Unnamed: 0,Year,Punxsutawney Phil,February Average Temperature,February Average Temperature (Northeast),February Average Temperature (Midwest),February Average Temperature (Pennsylvania),March Average Temperature,March Average Temperature (Northeast),March Average Temperature (Midwest),March Average Temperature (Pennsylvania)
0,1886,No Record,,,,,,,,
1,1887,Full Shadow,,,,,,,,
2,1888,Full Shadow,,,,,,,,
3,1889,No Record,,,,,,,,
4,1890,No Shadow,,,,,,,,
5,1891,No Record,,,,,,,,
6,1892,No Record,,,,,,,,
7,1893,No Record,,,,,,,,
8,1894,No Record,,,,,,,,
9,1895,No Record,26.6,15.6,21.9,17.0,39.97,27.6,40.2,31.3


It looks like there are quite a bit of rows with `NaN` values. Lets filter them out, and map `Punxsutawney Phil` values to a numbers.

In [3]:
groundhog_df = groundhog_df.dropna()  # remove NaN rows

# map the values
mapper = {
        'No Record': 0,
        'No Shadow': 1,
        'Partial Shadow': 2,
        'Full Shadow': 3
    }
def map_phil_to_number(sample):
    return(mapper[sample])

groundhog_df['Punxsutawney Phil'] = groundhog_df['Punxsutawney Phil'].apply(map_phil_to_number)

# Prevew data
groundhog_df.head()

Unnamed: 0,Year,Punxsutawney Phil,February Average Temperature,February Average Temperature (Northeast),February Average Temperature (Midwest),February Average Temperature (Pennsylvania),March Average Temperature,March Average Temperature (Northeast),March Average Temperature (Midwest),March Average Temperature (Pennsylvania)
9,1895,0,26.6,15.6,21.9,17.0,39.97,27.6,40.2,31.3
10,1896,0,35.04,22.2,33.5,26.6,38.03,25.3,36.9,27.8
11,1897,0,33.39,23.6,34.7,27.9,38.79,32.0,44.0,36.9
12,1898,3,35.37,24.8,33.3,26.7,41.05,38.0,46.0,42.0
13,1899,0,25.5,18.1,22.2,20.0,37.63,29.3,38.4,34.0


### Let's set up the data

I want to predict this year's groundhog prediction, and maybe even later years.

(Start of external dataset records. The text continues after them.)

lemma poly_char_poly:
  assumes "(A :: 'a :: field mat) \<in> carrier_mat n n"
  shows "poly (char_poly A) k = det (k \<cdot>\<^sub>m 1\<^sub>m n - A)"
proof -
  have "- char_matrix A k = k \<cdot>\<^sub>m 1\<^sub>m n - A"
    using assms by (intro eq_matI) (auto simp: char_matrix_def)
  then show ?thesis using char_poly_matrix[OF assms] by simp
qed

lemma char_poly_mat2:
  "char_poly (mat 2 2 f) = [: f (0, 0) * f (1, 1) - f (0, 1) * f (1, 0), - (f (0, 0) + f (1, 1)), 1 :]"
  for f :: "nat \<times> nat \<Rightarrow> 'a :: {field, ring_char_0}"
proof -
  have "poly (char_poly (mat 2 2 f)) k
      = poly [: f (0, 0) * f (1, 1) - f (0, 1) * f (1, 0), - (f (0, 0) + f (1, 1)), 1 :] k" for k
  proof -
    have "k \<cdot>\<^sub>m 1\<^sub>m 2 - mat 2 2 f = mat 2 2 (\<lambda>(i, j). (if i = j then k else 0) - f (i, j))"
      by (rule eq_matI) auto
    then show ?thesis by (simp add: poly_char_poly[of _ 2] det_mat2 algebra_simps)
  qed
  then show ?thesis by (simp add: poly_eq_poly_eq_iff[symmetric] fun_eq_iff)
qed

text \<open>Sylvester's determinant identity: factor the block matrix \<open>[[k I, A], [B, I]]\<close>
  in two ways.\<close>
lemma det_scalar_minus_mult_commute:
  fixes A B :: "'a :: field mat"
  assumes A: "A \<in> carrier_mat n m" and B: "B \<in> carrier_mat m n"
  shows "k ^ m * det (k \<cdot>\<^sub>m 1\<^sub>m n - A * B) = k ^ n * det (k \<cdot>\<^sub>m 1\<^sub>m m - B * A)"
proof -
  define Z where "Z = four_block_mat (k \<cdot>\<^sub>m 1\<^sub>m n) A B (1\<^sub>m m)"
  define L where "L = four_block_mat (1\<^sub>m n) (0\<^sub>m n m) (- B) (k \<cdot>\<^sub>m 1\<^sub>m m)"
  define U where "U = four_block_mat (1\<^sub>m n) (0\<^sub>m n m) (- B) (1\<^sub>m m)"
  have Z: "Z \<in> carrier_mat (n + m) (n + m)" and L: "L \<in> carrier_mat (n + m) (n + m)"
    and U: "U \<in> carrier_mat (n + m) (n + m)"
    unfolding Z_def L_def U_def using A B by auto
  have LZ: "L * Z = four_block_mat (k \<cdot>\<^sub>m 1\<^sub>m n) A (0\<^sub>m m n) (k \<cdot>\<^sub>m 1\<^sub>m m - B * A)"
    unfolding L_def Z_def using A B
    by (subst mult_four_block_mat[of _ n n _ m _ m])
      (auto intro!: cong_four_block_mat simp: algebra_simps)
  have ZU: "Z * U = four_block_mat (k \<cdot>\<^sub>m 1\<^sub>m n - A * B) A (0\<^sub>m m n) (1\<^sub>m m)"
    unfolding U_def Z_def using A B
    by (subst mult_four_block_mat[of _ n n _ m _ m])
      (auto intro!: cong_four_block_mat simp: algebra_simps)
  have "k ^ m * det Z = k ^ n * det (k \<cdot>\<^sub>m 1\<^sub>m m - B * A)"
  proof -
    have "det L = k ^ m" unfolding L_def using A B
      by (subst det_four_block_mat_upper_right_zero[of _ n _ m]) auto
    moreover have "det (L * Z) = k ^ n * det (k \<cdot>\<^sub>m 1\<^sub>m m - B * A)"
      unfolding LZ using A B by (subst det_four_block_mat_lower_left_zero[of _ n _ m]) auto
    ultimately show ?thesis using det_mult[OF L Z] by simp
  qed
  moreover have "det Z = det (k \<cdot>\<^sub>m 1\<^sub>m n - A * B)"
  proof -
    have "det U = 1" unfolding U_def using A B
      by (subst det_four_block_mat_upper_right_zero[of _ n _ m]) auto
    moreover have "det (Z * U) = det (k \<cdot>\<^sub>m 1\<^sub>m n - A * B)"
      unfolding ZU using A B by (subst det_four_block_mat_lower_left_zero[of _ n _ m]) auto
    ultimately show ?thesis using det_mult[OF Z U] by simp
  qed
  ultimately show ?thesis by simp
qed

lemma char_poly_mult_commute:
  fixes A B :: "'a :: {field, ring_char_0} mat"
  assumes A: "A \<in> carrier_mat n m" and B: "B \<in> carrier_mat m n"
  shows "monom 1 m * char_poly (A * B) = monom 1 n * char_poly (B * A)"
proof -
  have "poly (monom 1 m * char_poly (A * B)) k = poly (monom 1 n * char_poly (B * A)) k" for k
    using det_scalar_minus_mult_commute[OF A B, of k] A B
    by (simp add: poly_monom poly_char_poly[of _ n] poly_char_poly[of _ m])
  then show ?thesis by (simp add: poly_eq_poly_eq_iff[symmetric] fun_eq_iff)
qed

lemma order_prod_list_linear:
  "order x (\<Prod>\<mu>\<leftarrow>es. [:- \<mu>, 1:]) = count (mset es) (x :: 'a :: idom)"
proof (induction es)
  case Nil
  show ?case using order_0I[of 1 x] by simp
next
  case (Cons a es)
  have "(\<Prod>\<mu>\<leftarrow>es. [:- \<mu>, 1:]) \<noteq> (0 :: 'a poly)"
    by (auto simp: prod_list_zero_iff)
  then have "order x ([:- a, 1:] * (\<Prod>\<mu>\<leftarrow>es. [:- \<mu>, 1:]))
      = order x [:- a, 1:] + order x (\<Prod>\<mu>\<leftarrow>es. [:- \<mu>, 1:])"
    by (intro order_mult) (simp del: mult_pCons_left)
  then show ?case using Cons by (simp add: order_linear')
qed

lemma mset_eigvals4:
  assumes "length es = 4" and "char_poly M = (\<Prod>\<mu>\<leftarrow>es. [:- \<mu>, 1:])"
  shows "mset (eigvals4 M) = mset es"
proof (rule multiset_eqI)
  fix x
  have "char_poly M = (\<Prod>\<mu>\<leftarrow>eigvals4 M. [:- \<mu>, 1:])"
    unfolding eigvals4_def by (rule someI2[of _ es]) (use assms in auto)
  then show "count (mset (eigvals4 M)) x = count (mset es) x"
    using assms(2) by (metis order_prod_list_linear)
qed

lemma nonneg_quadratic_roots:
  fixes e1 e2 :: real
  assumes "0 \<le> e2" and "4 * e2 \<le> e1\<^sup>2" and "0 \<le> e1"
  obtains m1 m2 where "m1 + m2 = e1" "m1 * m2 = e2" "0 \<le> m2" "m2 \<le> m1"
proof -
  define d where "d = sqrt (e1\<^sup>2 - 4 * e2)"
  have d_sq: "d\<^sup>2 = e1\<^sup>2 - 4 * e2"
    unfolding d_def using assms(2) by (intro real_sqrt_pow2) simp
  have "d \<le> sqrt (e1\<^sup>2)"
    unfolding d_def using assms(1) by (intro real_sqrt_le_mono) simp
  with assms(3) have "d \<le> e1" by simp
  moreover have "0 \<le> d" using assms(2) by (simp add: d_def)
  moreover have "(e1 + d) / 2 * ((e1 - d) / 2) = e2"
    using d_sq by (simp add: field_simps power2_eq_square)
  ultimately show thesis by (intro that[of "(e1 + d) / 2" "(e1 - d) / 2"]) (auto simp: field_simps)
qed

lemma concurrence_eq_of_char_poly:
  fixes m1 m2 :: real
  assumes "char_poly (\<rho> * kron2 (pauli 2) (pauli 2) * map_mat cnj \<rho> * kron2 (pauli 2) (pauli 2))
      = monom 1 2 * [: of_real (m1 * m2), - of_real (m1 + m2), 1 :]"
    and "0 \<le> m2" and "m2 \<le> m1"
  shows "concurrence \<rho> = sqrt m1 - sqrt m2"
proof -
  let ?R = "\<rho> * kron2 (pauli 2) (pauli 2) * map_mat cnj \<rho> * kron2 (pauli 2) (pauli 2)"
  have "poly (monom 1 2 * [: of_real (m1 * m2), - of_real (m1 + m2), 1 :]) x
      = poly (\<Prod>\<mu>\<leftarrow>[of_real m1, of_real m2, 0, 0]. [:- \<mu>, 1:]) x" for x :: complex
    by (simp add: poly_monom algebra_simps power2_eq_square)
  then have "char_poly ?R = (\<Prod>\<mu>\<leftarrow>[of_real m1, of_real m2, 0, 0]. [:- \<mu>, 1:])"
    unfolding assms(1) by (simp add: poly_eq_poly_eq_iff[symmetric] fun_eq_iff)
  then have "mset (eigvals4 ?R) = mset [of_real m1, of_real m2, 0, 0]"
    by (intro mset_eigvals4) simp_all
  then have "mset (map (\<lambda>\<mu>. sqrt (Re \<mu>)) (eigvals4 ?R)) = mset [0, 0, sqrt m2, sqrt m1]"
    by (simp add: mset_map add_mset_commute)
  then have "sort (map (\<lambda>\<mu>. sqrt (Re \<mu>)) (eigvals4 ?R)) = [0, 0, sqrt m2, sqrt m1]"
    by (rule properties_for_sort[OF sym]) (use assms(2,3) in simp)
  then show ?thesis
    using assms(2,3) by (simp add: concurrence_def Let_def)
qed

lemma kron2_pauli2_pauli2:
  "kron2 (pauli 2) (pauli 2)
    = mat 4 4 (\<lambda>(r, s). if r + s = 3 then if r = 0 \<or> r = 3 then -1 else 1 else 0)"
  (is "_ = mat 4 4 ?Y")
proof (rule eq_matI)
  fix r s assume "r < dim_row (mat 4 4 ?Y)" and "s < dim_col (mat 4 4 ?Y)"
  then have "r \<in> {0, 1, 2, 3}" and "s \<in> {0, 1, 2, 3}" by auto
  then show "kron2 (pauli 2) (pauli 2) $$ (r, s) = mat 4 4 ?Y $$ (r, s)"
    by (auto simp: kron2_def pauli_def mat_of_rows_list_def)
qed (simp_all add: kron2_def)

text \<open>The bilinear form \<open>x\<^sup>T (\<sigma>\<^sub>2 \<otimes> \<sigma>\<^sub>2) y\<close>; Wootters' spin flip is
  \<open>\<psi> \<mapsto> (\<sigma>\<^sub>2 \<otimes> \<sigma>\<^sub>2) conj \<psi>\<close>.\<close>
definition flip_form :: "(nat \<Rightarrow> complex) \<Rightarrow> (nat \<Rightarrow> complex) \<Rightarrow> complex" where
  "flip_form x y = - x 0 * y 3 + x 1 * y 2 + x 2 * y 1 - x 3 * y 0"

definition flip_gram :: "(nat \<Rightarrow> complex) \<Rightarrow> (nat \<Rightarrow> complex) \<Rightarrow> complex mat" where
  "flip_gram p q = mat 2 2 (\<lambda>(z, z'). flip_form (if z = 0 then p else q) (if z' = 0 then p else q))"

definition flip_gram_norm :: "(nat \<Rightarrow> complex) \<Rightarrow> (nat \<Rightarrow> complex) \<Rightarrow> real" where
  "flip_gram_norm p q =
    (cmod (flip_form p p))\<^sup>2 + 2 * (cmod (flip_form p q))\<^sup>2 + (cmod (flip_form q q))\<^sup>2"

definition flip_gram_det :: "(nat \<Rightarrow> complex) \<Rightarrow> (nat \<Rightarrow> complex) \<Rightarrow> complex" where
  "flip_gram_det p q = flip_form p p * flip_form q q - (flip_form p q)\<^sup>2"

definition rank2_density :: "(nat \<Rightarrow> complex) \<Rightarrow> (nat \<Rightarrow> complex) \<Rightarrow> complex mat" where
  "rank2_density p q = mat 4 4 (\<lambda>(r, s). p r * cnj (p s) + q r * cnj (q s))"

lemma flip_form_sym: "flip_form x y = flip_form y x"
  by (simp add: flip_form_def algebra_simps)

text \<open>With \<open>V = [p q]\<close> we have \<open>\<rho> = V V\<^sup>*\<close>, so \<open>\<rho> Y conj \<rho> Y = V M\<close> and
  \<open>M V = conj W * W\<close> for the flip Gram matrix \<open>W = V\<^sup>T Y V\<close>.\<close>
lemma char_poly_spin_flip_rank2_density:
  fixes p q :: "nat \<Rightarrow> complex"
  defines "\<rho> \<equiv> rank2_density p q" and "Y \<equiv> kron2 (pauli 2) (pauli 2)"
  shows "char_poly (\<rho> * Y * map_mat cnj \<rho> * Y)
    = monom 1 2 * char_poly (map_mat cnj (flip_gram p q) * flip_gram p q)"
proof -
  define v where "v z = (if z = 0 then p else q)" for z :: nat
  define V where "V = mat 4 2 (\<lambda>(r, z). v z r)"
  define Vh where "Vh = mat 2 4 (\<lambda>(z, r). cnj (v z r))"
  define Vc where "Vc = mat 4 2 (\<lambda>(r, z). cnj (v z r))"
  define Vt where "Vt = mat 2 4 (\<lambda>(z, r). v z r)"
  define M where "M = Vh * Y * Vc * Vt * Y"
  have dims: "dim_row V = 4" "dim_col V = 2" "dim_row Vh = 2" "dim_col Vh = 4"
    "dim_row Vc = 4" "dim_col Vc = 2" "dim_row Vt = 2" "dim_col Vt = 4"
    "dim_row Y = 4" "dim_col Y = 4"
    by (simp_all add: V_def Vh_def Vc_def Vt_def Y_def kron2_def)
  have "\<rho> = V * Vh"
    unfolding \<rho>_def rank2_density_def V_def Vh_def mat_times_mat
    by (rule cong_mat) (simp_all add: sum_lessThan_2 v_def)
  moreover have "map_mat cnj \<rho> = Vc * Vt"
    unfolding \<rho>_def rank2_density_def Vc_def Vt_def mat_times_mat
    by (rule eq_matI) (auto simp: sum_lessThan_2 v_def)
  ultimately have R: "\<rho> * Y * map_mat cnj \<rho> * Y = V * M"
    unfolding M_def by (simp add: assoc_mult_mat_dim dims)
  have W: "Vt * Y * V = flip_gram p q"
    unfolding Vt_def V_def Y_def kron2_pauli2_pauli2 flip_gram_def mat_times_mat
    by (rule cong_mat) (auto simp: sum_lessThan_4 v_def flip_form_def algebra_simps)
  have W_cnj: "Vh * Y * Vc = map_mat cnj (flip_gram p q)"
    unfolding Vh_def Vc_def Y_def kron2_pauli2_pauli2 flip_gram_def mat_times_mat
    by (rule eq_matI) (auto simp: sum_lessThan_4 v_def flip_form_def algebra_simps)
  have "M * V = (Vh * Y * Vc) * (Vt * Y * V)"
    unfolding M_def by (simp add: assoc_mult_mat_dim dims)
  also have "\<dots> = map_mat cnj (flip_gram p q) * flip_gram p q"
    unfolding W W_cnj ..
  finally have MV: "M * V = map_mat cnj (flip_gram p q) * flip_gram p q" .
  have "monom 1 2 * char_poly (V * M) = monom 1 4 * char_poly (M * V)"
    by (rule char_poly_mult_commute[of V 4 2 M]) (simp_all add: carrier_matI M_def dims)
  then have "monom 1 2 * char_poly (V * M) = monom 1 2 * (monom 1 2 * char_poly (M * V))"
    by (simp add: mult_monom flip: mult.assoc)
  then show ?thesis
    unfolding R MV by (simp add: monom_eq_0_iff)
qed

lemma char_poly_flip_gram:
  "char_poly (map_mat cnj (flip_gram p q) * flip_gram p q)
    = [: of_real ((cmod (flip_gram_det p q))\<^sup>2), - of_real (flip_gram_norm p q), 1 :]"
proof -
  define a b c where "a = flip_form p p" and "b = flip_form p q" and "c = flip_form q q"
  define g :: "nat \<times> nat \<Rightarrow> complex"
    where "g = (\<lambda>(z, z'). flip_form (if z = 0 then p else q) (if z' = 0 then p else q))"
  have g: "g (0, 0) = a" "g (0, 1) = b" "g (1, 0) = b" "g (1, 1) = c"
    by (simp_all add: g_def a_def b_def c_def flip_form_sym)
  have "map_mat cnj (flip_gram p q) = mat 2 2 (\<lambda>x. cnj (g x))"
    unfolding flip_gram_def g_def by (rule eq_matI) auto
  then have "map_mat cnj (flip_gram p q) * flip_gram p q
      = mat 2 2 (\<lambda>(z, z'). \<Sum>k<2. cnj (g (z, k)) * g (k, z'))"
    unfolding flip_gram_def g_def[symmetric] by (simp add: mat_times_mat)
  then have "char_poly (map_mat cnj (flip_gram p q) * flip_gram p q)
      = [: (cnj a * a + cnj b * b) * (cnj b * b + cnj c * c)
             - (cnj a * b + cnj b * c) * (cnj b * a + cnj c * b),
           - ((cnj a * a + cnj b * b) + (cnj b * b + cnj c * c)), 1 :]"
    by (simp add: char_poly_mat2 sum_lessThan_2 g g[unfolded One_nat_def])
  also have "(cnj a * a + cnj b * b) * (cnj b * b + cnj c * c)
        - (cnj a * b + cnj b * c) * (cnj b * a + cnj c * b)
      = cnj (a * c - b\<^sup>2) * (a * c - b\<^sup>2)"
    by (simp add: power2_eq_square algebra_simps)
  also have "\<dots> = of_real ((cmod (flip_gram_det p q))\<^sup>2)"
    by (simp only: complex_norm_square flip_gram_det_def a_def b_def c_def mult.commute)
  also have "- ((cnj a * a + cnj b * b) + (cnj b * b + cnj c * c)) = - of_real (flip_gram_norm p q)"
    by (simp only: flip_gram_norm_def a_def b_def c_def of_real_add of_real_mult
        of_real_numeral complex_norm_square) (simp add: algebra_simps)
  finally show ?thesis .
qed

We can use last year's weather data to predict this year's prediction.

To do this, lets create a [Support Vector Machines](http://scikit-learn.org/stable/modules/svm.html) to regress againts each of the temperature features.

For this I'll use [scikit-learn](http://scikit-learn.org/stable/auto_examples/svm/plot_svm_regression.html).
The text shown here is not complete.